TASK ITEM: Up to and including the line that contains "set xs)) \<longrightarrow>", reproduce every line exactly, beginning with the first line below.

═════ SUPPLIED ENTRIES

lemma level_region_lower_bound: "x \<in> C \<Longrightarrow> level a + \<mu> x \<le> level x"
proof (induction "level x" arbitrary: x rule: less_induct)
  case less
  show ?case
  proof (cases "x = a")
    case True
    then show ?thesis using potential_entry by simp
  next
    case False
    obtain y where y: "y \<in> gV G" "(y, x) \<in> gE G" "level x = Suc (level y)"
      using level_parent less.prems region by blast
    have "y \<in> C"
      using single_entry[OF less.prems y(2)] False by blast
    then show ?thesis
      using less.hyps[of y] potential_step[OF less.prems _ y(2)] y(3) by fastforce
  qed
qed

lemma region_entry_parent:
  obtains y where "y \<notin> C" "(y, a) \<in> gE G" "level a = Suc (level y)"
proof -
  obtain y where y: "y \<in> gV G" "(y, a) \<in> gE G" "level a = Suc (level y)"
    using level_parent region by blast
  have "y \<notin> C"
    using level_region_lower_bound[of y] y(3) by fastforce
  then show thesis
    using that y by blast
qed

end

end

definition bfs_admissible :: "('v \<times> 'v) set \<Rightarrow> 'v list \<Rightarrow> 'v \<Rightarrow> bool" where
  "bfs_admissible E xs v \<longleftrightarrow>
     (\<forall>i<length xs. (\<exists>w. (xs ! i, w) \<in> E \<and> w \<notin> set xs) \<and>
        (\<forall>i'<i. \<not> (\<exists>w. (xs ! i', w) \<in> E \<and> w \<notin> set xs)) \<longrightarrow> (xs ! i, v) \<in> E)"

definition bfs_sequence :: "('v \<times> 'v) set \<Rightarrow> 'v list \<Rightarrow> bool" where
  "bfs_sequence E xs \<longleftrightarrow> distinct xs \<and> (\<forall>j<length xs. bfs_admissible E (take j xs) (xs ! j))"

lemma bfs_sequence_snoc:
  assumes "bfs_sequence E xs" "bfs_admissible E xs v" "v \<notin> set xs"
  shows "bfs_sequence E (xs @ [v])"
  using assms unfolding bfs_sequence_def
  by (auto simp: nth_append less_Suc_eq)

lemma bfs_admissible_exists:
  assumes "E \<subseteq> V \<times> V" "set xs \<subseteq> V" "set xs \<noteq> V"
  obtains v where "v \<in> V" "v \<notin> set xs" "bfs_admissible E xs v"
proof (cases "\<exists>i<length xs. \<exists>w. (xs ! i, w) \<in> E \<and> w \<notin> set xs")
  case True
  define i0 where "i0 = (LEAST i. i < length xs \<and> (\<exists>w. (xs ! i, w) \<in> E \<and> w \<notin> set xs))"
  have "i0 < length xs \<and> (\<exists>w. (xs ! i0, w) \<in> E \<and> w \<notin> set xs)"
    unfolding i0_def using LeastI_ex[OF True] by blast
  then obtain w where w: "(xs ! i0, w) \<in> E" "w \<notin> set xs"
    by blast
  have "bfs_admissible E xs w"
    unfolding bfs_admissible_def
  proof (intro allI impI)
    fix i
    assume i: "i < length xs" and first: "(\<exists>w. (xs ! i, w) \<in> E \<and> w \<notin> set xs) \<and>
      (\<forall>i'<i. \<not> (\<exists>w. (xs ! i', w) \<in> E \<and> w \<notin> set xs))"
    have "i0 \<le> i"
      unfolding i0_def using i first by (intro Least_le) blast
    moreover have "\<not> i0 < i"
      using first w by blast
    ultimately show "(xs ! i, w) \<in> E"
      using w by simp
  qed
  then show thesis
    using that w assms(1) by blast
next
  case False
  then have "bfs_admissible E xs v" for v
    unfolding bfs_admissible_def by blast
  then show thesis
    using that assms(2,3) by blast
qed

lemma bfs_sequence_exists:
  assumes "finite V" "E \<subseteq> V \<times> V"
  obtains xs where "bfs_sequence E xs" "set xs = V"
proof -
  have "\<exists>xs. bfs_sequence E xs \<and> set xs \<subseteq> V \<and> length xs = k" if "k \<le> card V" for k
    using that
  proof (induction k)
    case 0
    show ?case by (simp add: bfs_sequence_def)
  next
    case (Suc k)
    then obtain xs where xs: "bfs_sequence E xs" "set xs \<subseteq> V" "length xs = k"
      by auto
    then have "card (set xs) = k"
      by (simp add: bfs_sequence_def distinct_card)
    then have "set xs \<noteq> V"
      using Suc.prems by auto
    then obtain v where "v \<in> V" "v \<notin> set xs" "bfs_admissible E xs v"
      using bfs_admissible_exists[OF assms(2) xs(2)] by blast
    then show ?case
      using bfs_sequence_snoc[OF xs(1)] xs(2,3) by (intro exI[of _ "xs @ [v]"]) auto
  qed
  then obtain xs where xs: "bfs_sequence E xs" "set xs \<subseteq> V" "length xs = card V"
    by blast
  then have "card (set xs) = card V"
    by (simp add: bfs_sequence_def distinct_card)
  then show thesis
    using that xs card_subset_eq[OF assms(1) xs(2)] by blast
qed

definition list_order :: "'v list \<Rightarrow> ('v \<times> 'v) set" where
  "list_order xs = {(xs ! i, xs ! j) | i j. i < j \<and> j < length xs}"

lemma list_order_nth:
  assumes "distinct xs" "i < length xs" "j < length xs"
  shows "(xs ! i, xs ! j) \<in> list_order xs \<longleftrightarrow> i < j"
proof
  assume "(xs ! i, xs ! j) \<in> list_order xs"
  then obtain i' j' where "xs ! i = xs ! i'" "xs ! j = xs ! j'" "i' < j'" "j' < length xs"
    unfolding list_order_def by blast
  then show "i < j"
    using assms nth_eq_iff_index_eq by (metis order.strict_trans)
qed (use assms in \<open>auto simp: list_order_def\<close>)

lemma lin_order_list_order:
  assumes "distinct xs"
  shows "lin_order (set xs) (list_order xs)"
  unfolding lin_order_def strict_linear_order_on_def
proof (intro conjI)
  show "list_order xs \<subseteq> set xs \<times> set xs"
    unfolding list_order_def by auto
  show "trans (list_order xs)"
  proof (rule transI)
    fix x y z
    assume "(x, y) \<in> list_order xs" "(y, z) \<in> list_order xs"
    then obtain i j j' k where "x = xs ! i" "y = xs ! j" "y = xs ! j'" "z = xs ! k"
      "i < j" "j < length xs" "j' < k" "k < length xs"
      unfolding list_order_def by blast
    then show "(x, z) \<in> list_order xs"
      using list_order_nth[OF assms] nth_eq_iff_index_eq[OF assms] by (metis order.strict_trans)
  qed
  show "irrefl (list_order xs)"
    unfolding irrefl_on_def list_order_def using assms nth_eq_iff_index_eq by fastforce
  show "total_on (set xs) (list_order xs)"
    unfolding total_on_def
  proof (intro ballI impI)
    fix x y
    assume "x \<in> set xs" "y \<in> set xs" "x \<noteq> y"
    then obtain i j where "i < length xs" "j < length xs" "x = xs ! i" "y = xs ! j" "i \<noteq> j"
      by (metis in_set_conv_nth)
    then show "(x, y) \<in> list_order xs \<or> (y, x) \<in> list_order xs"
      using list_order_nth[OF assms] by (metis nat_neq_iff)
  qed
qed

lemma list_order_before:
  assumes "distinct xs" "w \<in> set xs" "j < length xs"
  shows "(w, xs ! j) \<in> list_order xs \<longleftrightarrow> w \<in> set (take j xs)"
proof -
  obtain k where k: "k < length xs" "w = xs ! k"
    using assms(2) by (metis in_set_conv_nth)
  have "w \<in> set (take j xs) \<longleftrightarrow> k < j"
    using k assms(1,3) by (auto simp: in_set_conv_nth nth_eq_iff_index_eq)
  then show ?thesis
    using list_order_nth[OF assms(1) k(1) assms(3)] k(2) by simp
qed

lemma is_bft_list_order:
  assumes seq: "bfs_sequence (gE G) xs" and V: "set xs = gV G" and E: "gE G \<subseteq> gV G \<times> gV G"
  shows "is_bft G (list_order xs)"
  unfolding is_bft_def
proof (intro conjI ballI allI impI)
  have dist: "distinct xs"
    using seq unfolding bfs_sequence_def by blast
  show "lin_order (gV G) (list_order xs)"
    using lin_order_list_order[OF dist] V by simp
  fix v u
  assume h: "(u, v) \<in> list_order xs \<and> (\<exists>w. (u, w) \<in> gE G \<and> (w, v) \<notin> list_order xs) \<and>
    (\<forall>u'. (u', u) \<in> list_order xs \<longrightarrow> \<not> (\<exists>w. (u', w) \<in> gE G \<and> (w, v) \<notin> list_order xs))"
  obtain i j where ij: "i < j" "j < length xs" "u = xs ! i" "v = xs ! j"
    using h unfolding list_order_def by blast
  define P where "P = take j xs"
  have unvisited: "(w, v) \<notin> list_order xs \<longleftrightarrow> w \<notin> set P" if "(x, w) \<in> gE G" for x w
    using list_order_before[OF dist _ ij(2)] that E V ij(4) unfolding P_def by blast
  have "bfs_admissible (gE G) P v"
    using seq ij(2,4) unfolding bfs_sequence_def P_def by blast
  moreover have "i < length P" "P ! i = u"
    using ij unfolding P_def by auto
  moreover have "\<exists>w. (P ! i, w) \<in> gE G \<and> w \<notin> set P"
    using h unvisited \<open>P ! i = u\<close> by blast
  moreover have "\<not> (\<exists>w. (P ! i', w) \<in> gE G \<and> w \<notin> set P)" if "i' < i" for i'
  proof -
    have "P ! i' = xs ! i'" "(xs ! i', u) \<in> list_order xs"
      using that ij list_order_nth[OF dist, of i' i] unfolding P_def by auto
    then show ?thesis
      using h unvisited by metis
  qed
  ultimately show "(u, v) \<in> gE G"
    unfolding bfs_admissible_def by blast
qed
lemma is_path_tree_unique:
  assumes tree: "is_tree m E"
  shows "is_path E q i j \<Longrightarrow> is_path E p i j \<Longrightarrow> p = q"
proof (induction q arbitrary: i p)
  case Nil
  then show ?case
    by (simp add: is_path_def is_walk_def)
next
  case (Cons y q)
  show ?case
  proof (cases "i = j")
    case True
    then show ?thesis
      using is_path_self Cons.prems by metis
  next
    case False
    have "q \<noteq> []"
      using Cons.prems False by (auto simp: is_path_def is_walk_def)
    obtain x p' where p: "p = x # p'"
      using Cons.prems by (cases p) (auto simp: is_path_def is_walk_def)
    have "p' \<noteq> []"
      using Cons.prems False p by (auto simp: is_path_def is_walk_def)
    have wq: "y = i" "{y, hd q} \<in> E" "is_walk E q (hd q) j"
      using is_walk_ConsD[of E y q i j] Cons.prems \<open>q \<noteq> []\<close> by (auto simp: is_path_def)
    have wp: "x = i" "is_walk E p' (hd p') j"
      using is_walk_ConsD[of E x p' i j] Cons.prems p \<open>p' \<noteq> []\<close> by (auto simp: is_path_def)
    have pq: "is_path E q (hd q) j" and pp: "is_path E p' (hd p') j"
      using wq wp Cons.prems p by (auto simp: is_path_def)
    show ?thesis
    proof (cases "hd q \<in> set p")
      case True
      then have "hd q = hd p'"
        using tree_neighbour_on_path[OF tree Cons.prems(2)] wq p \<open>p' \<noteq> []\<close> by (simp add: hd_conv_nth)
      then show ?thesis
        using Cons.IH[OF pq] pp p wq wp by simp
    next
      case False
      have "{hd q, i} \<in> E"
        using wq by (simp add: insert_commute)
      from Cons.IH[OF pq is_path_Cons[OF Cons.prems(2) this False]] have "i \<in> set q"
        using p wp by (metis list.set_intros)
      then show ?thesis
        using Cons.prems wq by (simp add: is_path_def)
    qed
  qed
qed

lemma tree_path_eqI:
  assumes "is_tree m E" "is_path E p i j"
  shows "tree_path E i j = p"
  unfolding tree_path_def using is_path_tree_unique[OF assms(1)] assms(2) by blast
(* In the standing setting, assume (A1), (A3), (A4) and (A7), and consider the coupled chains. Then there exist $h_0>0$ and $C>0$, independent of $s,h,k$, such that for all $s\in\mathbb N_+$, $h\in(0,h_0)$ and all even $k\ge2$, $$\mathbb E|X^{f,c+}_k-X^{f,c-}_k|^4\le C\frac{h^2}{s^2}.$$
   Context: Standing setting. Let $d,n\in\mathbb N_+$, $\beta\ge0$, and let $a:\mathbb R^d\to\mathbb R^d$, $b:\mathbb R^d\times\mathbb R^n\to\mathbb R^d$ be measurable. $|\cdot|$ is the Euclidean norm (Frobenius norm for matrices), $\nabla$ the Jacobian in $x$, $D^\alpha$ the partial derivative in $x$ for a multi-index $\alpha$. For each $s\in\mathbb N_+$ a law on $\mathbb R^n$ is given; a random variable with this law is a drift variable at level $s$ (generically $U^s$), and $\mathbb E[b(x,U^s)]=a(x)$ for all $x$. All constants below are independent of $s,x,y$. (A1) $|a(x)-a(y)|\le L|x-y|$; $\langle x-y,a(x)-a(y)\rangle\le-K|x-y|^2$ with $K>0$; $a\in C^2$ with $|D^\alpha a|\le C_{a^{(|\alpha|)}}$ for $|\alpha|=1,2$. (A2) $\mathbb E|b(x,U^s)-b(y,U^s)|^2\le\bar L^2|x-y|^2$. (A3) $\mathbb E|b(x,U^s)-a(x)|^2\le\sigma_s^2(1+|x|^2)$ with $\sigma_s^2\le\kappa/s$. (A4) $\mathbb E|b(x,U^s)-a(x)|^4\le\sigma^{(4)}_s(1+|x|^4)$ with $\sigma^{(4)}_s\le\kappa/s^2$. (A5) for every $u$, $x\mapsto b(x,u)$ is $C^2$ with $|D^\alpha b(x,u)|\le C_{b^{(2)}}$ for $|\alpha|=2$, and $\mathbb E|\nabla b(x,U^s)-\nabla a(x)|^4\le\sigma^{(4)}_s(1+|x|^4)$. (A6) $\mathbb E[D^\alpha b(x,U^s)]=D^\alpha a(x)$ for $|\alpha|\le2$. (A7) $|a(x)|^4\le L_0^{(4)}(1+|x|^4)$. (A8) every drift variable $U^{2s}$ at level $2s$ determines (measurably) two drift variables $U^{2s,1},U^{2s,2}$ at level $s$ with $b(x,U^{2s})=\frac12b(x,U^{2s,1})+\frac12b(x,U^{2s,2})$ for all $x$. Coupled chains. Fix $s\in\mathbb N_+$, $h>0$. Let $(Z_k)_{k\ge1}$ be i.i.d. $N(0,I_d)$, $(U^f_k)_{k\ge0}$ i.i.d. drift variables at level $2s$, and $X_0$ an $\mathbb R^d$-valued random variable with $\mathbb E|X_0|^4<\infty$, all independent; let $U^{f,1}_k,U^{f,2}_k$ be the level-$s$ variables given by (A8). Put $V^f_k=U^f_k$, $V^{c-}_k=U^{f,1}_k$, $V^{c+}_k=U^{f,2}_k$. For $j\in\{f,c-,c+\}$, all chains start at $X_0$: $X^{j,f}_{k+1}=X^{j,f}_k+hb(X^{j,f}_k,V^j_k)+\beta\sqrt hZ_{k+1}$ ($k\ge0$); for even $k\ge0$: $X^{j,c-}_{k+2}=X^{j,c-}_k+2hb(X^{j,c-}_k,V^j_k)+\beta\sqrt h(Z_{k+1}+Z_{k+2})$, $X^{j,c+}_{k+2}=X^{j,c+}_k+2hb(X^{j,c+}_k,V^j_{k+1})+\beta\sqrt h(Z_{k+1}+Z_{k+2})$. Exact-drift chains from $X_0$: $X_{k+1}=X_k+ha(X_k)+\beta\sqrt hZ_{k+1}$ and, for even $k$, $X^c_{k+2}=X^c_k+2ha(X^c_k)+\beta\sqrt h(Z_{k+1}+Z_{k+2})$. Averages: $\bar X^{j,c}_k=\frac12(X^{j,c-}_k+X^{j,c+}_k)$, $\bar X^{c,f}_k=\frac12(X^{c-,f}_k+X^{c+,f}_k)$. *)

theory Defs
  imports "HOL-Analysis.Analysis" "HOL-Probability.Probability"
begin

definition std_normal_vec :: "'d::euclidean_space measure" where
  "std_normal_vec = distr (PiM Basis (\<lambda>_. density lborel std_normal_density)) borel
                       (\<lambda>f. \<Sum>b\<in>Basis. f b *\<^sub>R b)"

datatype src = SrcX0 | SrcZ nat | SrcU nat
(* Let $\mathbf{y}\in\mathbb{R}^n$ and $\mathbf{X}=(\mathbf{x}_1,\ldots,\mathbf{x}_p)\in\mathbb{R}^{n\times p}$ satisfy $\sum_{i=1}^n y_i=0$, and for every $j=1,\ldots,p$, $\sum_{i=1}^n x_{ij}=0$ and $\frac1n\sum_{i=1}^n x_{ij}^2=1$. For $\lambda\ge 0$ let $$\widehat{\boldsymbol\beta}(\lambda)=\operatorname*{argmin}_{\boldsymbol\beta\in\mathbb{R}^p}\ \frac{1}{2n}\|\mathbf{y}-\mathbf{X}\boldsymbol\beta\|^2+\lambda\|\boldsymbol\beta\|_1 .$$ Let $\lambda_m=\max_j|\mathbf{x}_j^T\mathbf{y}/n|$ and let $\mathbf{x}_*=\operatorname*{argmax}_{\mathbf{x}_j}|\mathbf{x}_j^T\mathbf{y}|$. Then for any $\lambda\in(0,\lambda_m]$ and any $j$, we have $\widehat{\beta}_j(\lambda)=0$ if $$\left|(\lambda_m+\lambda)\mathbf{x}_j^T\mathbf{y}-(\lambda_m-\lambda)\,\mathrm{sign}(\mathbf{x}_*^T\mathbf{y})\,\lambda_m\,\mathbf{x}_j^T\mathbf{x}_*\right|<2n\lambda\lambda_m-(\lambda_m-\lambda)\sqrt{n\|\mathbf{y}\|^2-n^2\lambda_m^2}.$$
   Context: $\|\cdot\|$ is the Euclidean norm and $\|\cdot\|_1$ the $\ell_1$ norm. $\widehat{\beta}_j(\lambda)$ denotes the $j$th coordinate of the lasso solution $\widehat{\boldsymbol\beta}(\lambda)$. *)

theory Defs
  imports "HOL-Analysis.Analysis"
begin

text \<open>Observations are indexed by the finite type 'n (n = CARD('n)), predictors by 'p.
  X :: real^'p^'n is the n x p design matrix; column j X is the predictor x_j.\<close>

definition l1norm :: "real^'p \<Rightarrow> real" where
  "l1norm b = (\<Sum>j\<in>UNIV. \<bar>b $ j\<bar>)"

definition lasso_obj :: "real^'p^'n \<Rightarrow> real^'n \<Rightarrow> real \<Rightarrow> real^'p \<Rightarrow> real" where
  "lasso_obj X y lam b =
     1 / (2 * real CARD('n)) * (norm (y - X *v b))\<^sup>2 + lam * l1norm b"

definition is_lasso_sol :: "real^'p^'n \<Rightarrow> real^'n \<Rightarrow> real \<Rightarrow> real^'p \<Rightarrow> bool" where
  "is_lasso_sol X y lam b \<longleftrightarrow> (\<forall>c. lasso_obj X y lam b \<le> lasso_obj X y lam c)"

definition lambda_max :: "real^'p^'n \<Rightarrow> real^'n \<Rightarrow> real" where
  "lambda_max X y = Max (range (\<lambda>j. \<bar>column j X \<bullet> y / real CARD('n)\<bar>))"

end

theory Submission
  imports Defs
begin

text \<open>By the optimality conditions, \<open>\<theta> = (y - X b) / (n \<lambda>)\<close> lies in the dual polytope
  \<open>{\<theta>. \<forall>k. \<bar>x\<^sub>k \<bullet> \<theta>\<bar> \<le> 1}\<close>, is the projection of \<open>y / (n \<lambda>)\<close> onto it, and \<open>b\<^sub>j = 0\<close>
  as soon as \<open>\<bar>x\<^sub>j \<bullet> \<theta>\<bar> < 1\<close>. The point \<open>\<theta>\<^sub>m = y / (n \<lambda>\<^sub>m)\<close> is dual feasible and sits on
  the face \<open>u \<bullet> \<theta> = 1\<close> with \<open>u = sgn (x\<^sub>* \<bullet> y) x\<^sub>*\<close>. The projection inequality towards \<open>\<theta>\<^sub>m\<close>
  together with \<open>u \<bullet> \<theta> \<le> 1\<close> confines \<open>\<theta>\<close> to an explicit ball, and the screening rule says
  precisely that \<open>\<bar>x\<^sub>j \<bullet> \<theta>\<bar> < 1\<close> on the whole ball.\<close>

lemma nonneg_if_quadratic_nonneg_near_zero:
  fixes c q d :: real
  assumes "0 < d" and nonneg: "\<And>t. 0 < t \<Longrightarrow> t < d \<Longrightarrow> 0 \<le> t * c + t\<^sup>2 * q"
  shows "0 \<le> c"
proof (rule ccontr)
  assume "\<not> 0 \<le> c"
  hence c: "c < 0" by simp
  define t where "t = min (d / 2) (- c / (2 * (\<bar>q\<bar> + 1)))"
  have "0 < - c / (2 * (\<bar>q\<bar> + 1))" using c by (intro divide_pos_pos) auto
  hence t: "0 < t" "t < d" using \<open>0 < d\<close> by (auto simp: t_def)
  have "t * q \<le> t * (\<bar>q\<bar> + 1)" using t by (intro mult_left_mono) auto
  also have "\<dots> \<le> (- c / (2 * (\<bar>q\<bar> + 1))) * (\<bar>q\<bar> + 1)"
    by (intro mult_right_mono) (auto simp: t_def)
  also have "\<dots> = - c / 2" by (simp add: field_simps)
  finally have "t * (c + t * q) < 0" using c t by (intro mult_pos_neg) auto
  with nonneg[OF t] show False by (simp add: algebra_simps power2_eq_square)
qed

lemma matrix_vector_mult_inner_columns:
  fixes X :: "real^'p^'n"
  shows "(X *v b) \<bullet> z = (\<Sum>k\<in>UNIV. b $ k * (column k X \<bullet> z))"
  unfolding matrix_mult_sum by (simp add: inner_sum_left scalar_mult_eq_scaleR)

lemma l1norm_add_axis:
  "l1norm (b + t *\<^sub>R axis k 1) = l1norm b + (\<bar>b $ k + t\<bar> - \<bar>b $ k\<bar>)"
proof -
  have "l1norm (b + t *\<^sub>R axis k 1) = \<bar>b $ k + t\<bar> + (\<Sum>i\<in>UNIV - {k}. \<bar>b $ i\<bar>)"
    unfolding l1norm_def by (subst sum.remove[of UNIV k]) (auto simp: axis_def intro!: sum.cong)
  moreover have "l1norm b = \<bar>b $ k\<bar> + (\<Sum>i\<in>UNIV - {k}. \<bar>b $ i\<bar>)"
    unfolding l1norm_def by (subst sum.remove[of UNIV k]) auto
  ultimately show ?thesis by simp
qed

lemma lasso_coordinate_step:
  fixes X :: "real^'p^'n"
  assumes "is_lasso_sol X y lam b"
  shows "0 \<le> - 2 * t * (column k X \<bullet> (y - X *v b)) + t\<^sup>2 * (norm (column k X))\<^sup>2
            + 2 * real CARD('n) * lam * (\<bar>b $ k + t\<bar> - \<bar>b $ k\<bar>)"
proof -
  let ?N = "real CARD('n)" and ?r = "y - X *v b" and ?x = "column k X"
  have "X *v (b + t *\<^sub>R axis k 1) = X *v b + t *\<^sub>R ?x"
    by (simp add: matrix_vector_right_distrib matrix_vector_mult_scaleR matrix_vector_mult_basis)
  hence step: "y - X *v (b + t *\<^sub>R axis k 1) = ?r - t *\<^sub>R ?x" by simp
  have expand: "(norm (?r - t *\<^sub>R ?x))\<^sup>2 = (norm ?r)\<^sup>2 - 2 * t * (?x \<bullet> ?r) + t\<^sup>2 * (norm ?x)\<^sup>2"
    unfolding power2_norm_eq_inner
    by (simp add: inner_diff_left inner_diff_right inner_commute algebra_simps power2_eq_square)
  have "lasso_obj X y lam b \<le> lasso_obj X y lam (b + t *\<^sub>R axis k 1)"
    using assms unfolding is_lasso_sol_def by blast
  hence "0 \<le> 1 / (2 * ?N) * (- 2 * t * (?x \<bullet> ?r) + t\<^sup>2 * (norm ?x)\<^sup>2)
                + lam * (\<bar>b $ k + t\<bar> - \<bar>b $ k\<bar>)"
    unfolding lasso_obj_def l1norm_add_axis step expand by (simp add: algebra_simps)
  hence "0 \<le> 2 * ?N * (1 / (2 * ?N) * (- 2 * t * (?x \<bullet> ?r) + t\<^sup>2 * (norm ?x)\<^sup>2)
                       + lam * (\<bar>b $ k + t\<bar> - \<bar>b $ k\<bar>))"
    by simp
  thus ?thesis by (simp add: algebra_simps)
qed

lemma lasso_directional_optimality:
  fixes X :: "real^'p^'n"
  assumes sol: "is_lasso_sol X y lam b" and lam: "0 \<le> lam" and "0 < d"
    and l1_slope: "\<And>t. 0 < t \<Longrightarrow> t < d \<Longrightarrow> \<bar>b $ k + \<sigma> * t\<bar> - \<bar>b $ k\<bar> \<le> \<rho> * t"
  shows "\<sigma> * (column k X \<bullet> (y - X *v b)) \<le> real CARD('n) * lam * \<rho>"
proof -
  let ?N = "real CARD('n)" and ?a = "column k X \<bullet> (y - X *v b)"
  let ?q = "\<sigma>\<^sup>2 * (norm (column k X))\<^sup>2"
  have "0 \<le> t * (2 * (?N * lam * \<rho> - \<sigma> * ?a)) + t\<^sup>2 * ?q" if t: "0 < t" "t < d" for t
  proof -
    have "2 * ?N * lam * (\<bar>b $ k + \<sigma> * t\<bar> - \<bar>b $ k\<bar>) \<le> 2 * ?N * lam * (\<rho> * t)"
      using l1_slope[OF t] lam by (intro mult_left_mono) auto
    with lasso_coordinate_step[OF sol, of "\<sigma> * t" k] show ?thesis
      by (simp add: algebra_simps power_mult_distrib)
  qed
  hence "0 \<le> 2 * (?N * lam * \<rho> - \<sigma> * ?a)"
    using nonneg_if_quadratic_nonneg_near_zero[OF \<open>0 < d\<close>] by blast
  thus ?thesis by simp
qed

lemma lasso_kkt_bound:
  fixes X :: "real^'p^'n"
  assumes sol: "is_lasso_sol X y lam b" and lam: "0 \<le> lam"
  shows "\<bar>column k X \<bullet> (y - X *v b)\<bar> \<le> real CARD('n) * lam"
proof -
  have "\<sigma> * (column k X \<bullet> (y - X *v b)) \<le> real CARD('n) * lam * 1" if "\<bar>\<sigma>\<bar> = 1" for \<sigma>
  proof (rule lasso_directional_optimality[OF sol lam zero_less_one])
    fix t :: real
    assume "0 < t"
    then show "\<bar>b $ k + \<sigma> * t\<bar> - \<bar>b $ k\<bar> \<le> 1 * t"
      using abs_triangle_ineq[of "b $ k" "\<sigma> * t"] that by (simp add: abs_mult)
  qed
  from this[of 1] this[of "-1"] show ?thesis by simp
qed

══════════

TASK OUTPUT:
lemma level_region_lower_bound: "x \<in> C \<Longrightarrow> level a + \<mu> x \<le> level x"
proof (induction "level x" arbitrary: x rule: less_induct)
  case less
  show ?case
  proof (cases "x = a")
    case True
    then show ?thesis using potential_entry by simp
  next
    case False
    obtain y where y: "y \<in> gV G" "(y, x) \<in> gE G" "level x = Suc (level y)"
      using level_parent less.prems region by blast
    have "y \<in> C"
      using single_entry[OF less.prems y(2)] False by blast
    then show ?thesis
      using less.hyps[of y] potential_step[OF less.prems _ y(2)] y(3) by fastforce
  qed
qed

lemma region_entry_parent:
  obtains y where "y \<notin> C" "(y, a) \<in> gE G" "level a = Suc (level y)"
proof -
  obtain y where y: "y \<in> gV G" "(y, a) \<in> gE G" "level a = Suc (level y)"
    using level_parent region by blast
  have "y \<notin> C"
    using level_region_lower_bound[of y] y(3) by fastforce
  then show thesis
    using that y by blast
qed

end

end

definition bfs_admissible :: "('v \<times> 'v) set \<Rightarrow> 'v list \<Rightarrow> 'v \<Rightarrow> bool" where
  "bfs_admissible E xs v \<longleftrightarrow>
     (\<forall>i<length xs. (\<exists>w. (xs ! i, w) \<in> E \<and> w \<notin> set xs) \<and>
        (\<forall>i'<i. \<not> (\<exists>w. (xs ! i', w) \<in> E \<and> w \<notin> set xs)) \<longrightarrow> (xs ! i, v) \<in> E)"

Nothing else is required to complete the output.